The third group of studies focused on several of the long-standing anthropogenic threats facing sea turtle: incidental catch (also known as bycatch) and illegal take (Wallace et al., 2011). Liles et al. (2017) investigated the impact of the lobster gillnet fishery in Central America and estimated one of the highest rates of gillnet bycatch and mortality for hawksbill turtles anywhere in the world. Likewise, Pingo et al. (2017) found high rates of bycatch of green sea turtles in gillnet fishery operations in northern Peru, with entanglements occurring in almost every observed fishing set. Bycatch may also lead to the illegal retention of the sea turtles, and according to Quiñones et al. (2017) this is not a rare event in the port of Pisco, in central Peru. In a period of six years, Quiñones et al. (2017) reported more than 900 sea turtle carapaces from four species with evident signs of slaughtering, most of which were observed at public dumpsites. Furthermore, the study detected an ongoing black market for sea turtle meat, despite the national regulations that prohibit its sale. The studies in this group serve as reminders that long-standing threats still jeopardize the recovery of sea turtle populations despite notable advances in sea turtle conservation.
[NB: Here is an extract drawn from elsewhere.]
(* Let $G=(V,E)$ be a finite simple undirected graph with a coloring $\mathcal{C}$ whose vertex color classes are $V_1,\dots,V_r$. Suppose that $(V_{\eta_1},\dots,V_{\eta_r})$, for some $\eta\in\mathfrak{S}_r$, is a color perfect elimination ordering. Write $n_i=|V_{\eta_i}|$, $N_i=\sum_{k\in[i]}n_k$, $N_0=0$, and relabel the vertices so that $V_{\eta_i}=\{N_{i-1}+1,\dots,N_i\}$ for each $i\in[r]$; define $\mathcal{Z}_G^{\mathcal{C}}$ with respect to this vertex numbering, and consider block decompositions with respect to the partition $(n_1,\dots,n_r)$ of $p=|V|$. (i) If $(G,\mathcal{C})$ is CER with respect to the ordering $(V_{\eta_1},\dots,V_{\eta_r})$, then $\mathcal{Z}_G^{\mathcal{C}}$ is a BC-space. (ii) If $(G,\mathcal{C})$ is symmetric CER with respect to the ordering $(V_{\eta_1},\dots,V_{\eta_r})$, then $\mathcal{Z}_G^{\mathcal{C}}$ is a cBC-space.
   Context: Colored graphs: $G=(V,E)$ is a finite simple undirected graph, $V=[p]$. A coloring $\mathcal{C}$ of $G$ consists of a partition of $V$ into nonempty vertex color classes $V_1,\dots,V_r$ and a partition of $E$ into edge color classes $E_{r+1},\dots,E_{r+R}$. The extended edge set is $\tilde E=E\cup\{\{v\}:v\in V\}$; put $E_i=\{\{v\}:v\in V_i\}$ for $i\in[r]$, so $\{E_1,\dots,E_{r+R}\}$ partitions $\tilde E$. Define $c(v,w)=k$ iff $\{v,w\}\in E_k$ (for $\{v,w\}\in\tilde E$), $c(v):=c(v,v)$ (so $c(v)=i$ iff $v\in V_i$), and $c(v,w)=0$ if $v\ne w$ and $\{v,w\}\notin E$. Orderings: for an ordered partition $(V_{\eta_1},\dots,V_{\eta_r})$, $\eta\in\mathfrak{S}_r$, let $\pi(v)=i$ iff $v\in V_{\eta_i}$ and $V_{\le i}=V_{\eta_1}\cup\dots\cup V_{\eta_i}$. It is a color perfect elimination ordering (cpeo) if for every $i\in[r]$ every $v\in V_{\eta_i}$ is simplicial (its neighbours form a clique) in the induced subgraph $G[V_{\eta_i}\cup\dots\cup V_{\eta_r}]$. For $\{v,w\}\in\tilde E$ and $k,h\in[r+R]$ set $m_{v\to w}(k,h)=|\{u\in V_{\le \min(\pi(v),\pi(w))}: c(v,u)=k,\ c(u,w)=h\}|$ and $m_{v\leftrightarrow w}(k,h)=m_{v\to w}(k,h)+m_{v\to w}(h,k)$. Let $F_i=\{c(v,w):\{v,w\}\in\tilde E,\ c(v)=c(w)=i\}$ and $F=\bigcup_{i}F_i$. (M1): for all $\{v,w\},\{v',w'\}\in\tilde E$, $c(v,w)=c(v',w')$ implies $m_{v\leftrightarrow w}=m_{v'\leftrightarrow w'}$ (as functions on $[r+R]^2$). (M2): for all $v,w\in V$ with $c(v)=c(w)$, $m_{v\to w}(k,h)=m_{w\to v}(k,h)$ for all $k,h\in F$. $(G,\mathcal{C})$ is CER with respect to an ordering if the ordering is a cpeo and (M1) holds for it; symmetric CER if in addition (M2) holds for it. Matrix spaces: $\mathcal{Z}_G=\{x\in\mathrm{Sym}(p): x_{ij}=0$ whenever $i\ne j$ and $\{i,j\}\notin E\}$ and $\mathcal{Z}_G^{\mathcal{C}}=\{x\in\mathcal{Z}_G: x_{ij}=x_{kl}$ whenever $\{i,j\},\{k,l\}\in\tilde E$ and $c(i,j)=c(k,l)\}$. BC-spaces: given an ordered partition $(n_1,\dots,n_r)$ of $p$, write $x\in\mathrm{Sym}(p)$ in blocks $X_{kh}\in\mathbb{R}^{n_k\times n_h}$. $\mathrm{BlockTri}(x)$ keeps the blocks $X_{kh}$ with $k\ge h$ and sets the others to zero; $\mathrm{BlockDiag}(x)$ keeps only the blocks $X_{kk}$. For a linear subspace $\mathcal{Z}\subset\mathrm{Sym}(p)$: $M_i(\mathcal{Z})=\{x\in\mathcal{Z}: X_{kh}=0$ unless $(k,h)=(i,i)\}$, $L_i(\mathcal{Z})=\{x\in\mathcal{Z}: X_{kh}=0$ unless $k>h=i$ or $h>k=i\}$. $\mathcal{Z}$ is a BC-space if (Z0) $I_p\in\mathcal{Z}$ and $\mathcal{Z}=(\bigoplus_{i\in[r]}M_i(\mathcal{Z}))\oplus(\bigoplus_{i\in[r-1]}L_i(\mathcal{Z}))$, and (Z1) $\mathrm{BlockTri}(x)\mathrm{BlockTri}(x)^\top\in\mathcal{Z}$ for all $x\in\mathcal{Z}$. It is a cBC-space if moreover (Z2) $\mathrm{BlockDiag}(x)\mathrm{BlockDiag}(y)\in\mathcal{Z}$ for all $x,y\in\mathcal{Z}$. *)

theory Defs
  imports Complex_Main "HOL-Library.Function_Algebras"
begin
Seventy years of sea turtle research and conservation in Latin America have yielded enormous amounts of information that have helped set and achieve conservation milestones throughout the region. These range from starting conservation programs in almost every country in the region to influencing government policies to protect sea turtles throughout their life histories. Thanks to these efforts, some sea turtle populations are showing undeniable signs of recovery. However, as the studies presented in this Special Issue demonstrate, conservation work is still required to sustain positive trends and to reverse ongoing declines, and more discoveries await. To these ends, this Special Issue conveys several important messages: 1) that every beach counts for female sea turtles and that it is important to monitor and protect these areas to help the recovery of depleted nesting populations; 2) that sea turtle foraging grounds await discovery and probably require immediate protection; 3) that concerted regional efforts are essential to secure the connectivity of populations; and 4) that we must continue to work toward reducing bycatch and any form of intentional harvest of sea turtles. This Special Issue helps fill information gaps and heightens global awareness for sea turtle conservation, especially in Latin America, the region where sea turtle conservation was born.


We thank the authors, reviewers, and editorial staff of the Latin American Journal of Aquatic Research for making this Special Issue possible. Special thanks to the International Sea Turtle Society, the Whitley Fund for Nature, the University of Exeter, Universidad Científica del Sur, the DEFRA Darwin Initiative, and United States Fish and Wildlife Service for funding the publication of this issue.